The Global Fund will begin the grant-making processes following the review of concept notes by the TRP and the Grant Approvals Committee (GAC), prior to requesting Board approval. It is the GAC that determines the upper-ceiling for grant-making. The Secretariat will work with applicants to transform technically sound concept notes into grants. By starting to think about implementation arrangements at the concept note stage, the new funding model will help ensure that issues and capacity gaps are resolved early on, with direct support from technical assistance partners. This process will help to avoid the imposition of numerous conditions precedent in grant agreements which can delay program implementation.
One additional difference is the potential for early release of funds for procurement and capacity building after the first Grant Approval Committee review, before Board approval.

6. To what extent does the new funding model reduce timing between concept note and implementation?

The focus on implementation planning before the concept note is submitted will reduce the time spent on grant-making between concept note approval and grant signing.
The estimated time between the review of the concept note by the TRP and GAC and the Board’s approval (and grant signing) is 3-4 months but can be longer if the TRP or GAC seek complex actions and/or amendments.
The process is country-led, and timing will depend on a number of factors in-country (e.g. whether or not the country has an updated and costed National Strategic Plan, the strength of the CCM, PR performance, etc.). Based on this, the country will determine the target date for signature and the release of funding, and plan a timeline to achieve this.

7. What is the role of technical partners?

The new funding model relies on a close partnership with technical partners at country level. Partners, with their country presence, can play important, context-relevant and differentiated, mutually reinforcing roles in supporting countries through the country dialogue and concept note processes, and their support continues during grant-making. Their role includes: i) discussing the disease/health sector landscape with in-country stakeholders, and mapping donor commitments and ensuring alignment; ii) supporting the development of an accessible depository (knowledge base) of country studies, available data, etc.; iii) assisting in the identification and prioritization of strategic investments for robust NSPs and concept notes; iv) providing input in discussions around disease split; v) reviewing program performance and impact data, as well as current trends of epidemiological context; and vi) providing technical support in-country as needed.

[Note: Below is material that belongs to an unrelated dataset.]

(* For the difference module $(\mathscr O_t( *0),\phi_t)$ over itself, one has $\mathrm{Per}(\mathscr O_t( *0))=\mathscr A_{\mathrm{per}}$ as subsheaves of $\widetilde{\mathscr O}$ on $S^1$.
   Context: Let $\mathscr O_t( *0)=\mathbb C\{t\}[t^{-1}]$ with automorphism $\phi_t(f)(t)=f(t/(1+t))$; $s=t^{-1}$. On the circle $S^1$ of directions at $t=0$: $\widetilde{\mathscr O}$ is the sheaf of germs of holomorphic functions on sectors at $t=0$; $\mathscr A^{\leqslant0}$ (resp. $\mathscr A^{<0}$) the subsheaf of functions of moderate growth (resp. rapid decay) as $t\to0$ on closed subsectors; $\widetilde\phi_t$ the automorphism of $\widetilde{\mathscr O}$ given by composition with $t\mapsto t/(1+t)$ (i.e. $s\mapsto s+1$). $\mathscr A^{\leqslant0}_{\mathrm{per}}=\ker(\widetilde\phi_t-\mathrm{id})\cap\mathscr A^{\leqslant0}$, $u=\exp(2\pi\mathrm i s)$, $\mathscr A_{\mathrm{per}}=\sum_{n\in\mathbb Z}u^n\mathscr A^{\leqslant0}_{\mathrm{per}}$. The index sheaf $\mathscr I\subset\widetilde{\mathscr O}$ is the subsheaf of $\mathbb C$-vector spaces whose local sections are locally represented by $\sum_{\ell=1}^m c_\ell t^{-\ell/m}$ ($m\ge1$, $c_\ell\in\mathbb C$, some determination of $t^{1/m}$); for $\mathfrak a\in\mathscr I(U)$ put $\mathscr A^{\leqslant\mathfrak a}=\exp(\mathfrak a)\mathscr A^{\leqslant0}|_U$. For a difference module $(\mathscr M,\psi)$ over $(\mathscr O_t( *0),\phi_t)$ (finite-dimensional $\mathscr O_t( *0)$-vector space with additive bijection $\psi$, $\psi(fm)=\phi_t(f)\psi(m)$), let $\widetilde\psi=\widetilde\phi_t\otimes\psi$ on $\widetilde{\mathscr O}\otimes\mathscr M$ (tensor over the constant sheaf $\mathscr O_t( *0)$), let $\mathscr H^0\widetilde{\mathrm{DR}}(\mathscr M)=\ker(\widetilde\psi-\mathrm{id})\subset\widetilde{\mathscr O}\otimes\mathscr M$ and $\mathscr H^0\mathrm{DR}_{\leqslant\mathfrak a}(\mathscr M)=\ker(\widetilde\psi-\mathrm{id})\cap(\mathscr A^{\leqslant\mathfrak a}\otimes\mathscr M)$. Then $\mathrm{Per}(\mathscr M)$ is the unique subsheaf of $\mathscr H^0\widetilde{\mathrm{DR}}(\mathscr M)$ whose restriction to every open $U\subsetneq S^1$ equals $\sum_{\mathfrak a\in\mathscr I(U)}\mathscr H^0\mathrm{DR}_{\leqslant\mathfrak a}(\mathscr M)$. *)

theory Defs
  imports "HOL-Analysis.Analysis"
begin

8. What is a National Strategic Plan (NSP), and who evaluates it?

An NSP is either a disease-specific, or health sector national strategy that provides the overall strategic direction for a country over a period of time (often for five years).
NSPs should be reviewed by the appropriate technical partners. As part of this technical review and support process, NSPs should preferably be jointly assessed through a credible, independent, multi-stakeholder process that uses internationally agreed frameworks, such as a Joint Assessment of National Strategies (JANS). This is a shared approach where country stakeholders and development partners carry out an independent assessment of an NSP against an internationally agreed set of criteria. The purpose of a JANS is to indicate the soundness of an NSP and its operational plan, and its potential as the basis for technical and financial support.

9. What happens if my country does not have an NSP?

Where a country does not have an NSP, or if it is not up-to-date, is not sufficiently robust, fully costed and/or cannot be used for the basis of a funding request to the Global Fund, applicants should develop a full expression of prioritized demand for strategic interventions, developed in a manner that complements existing national processes.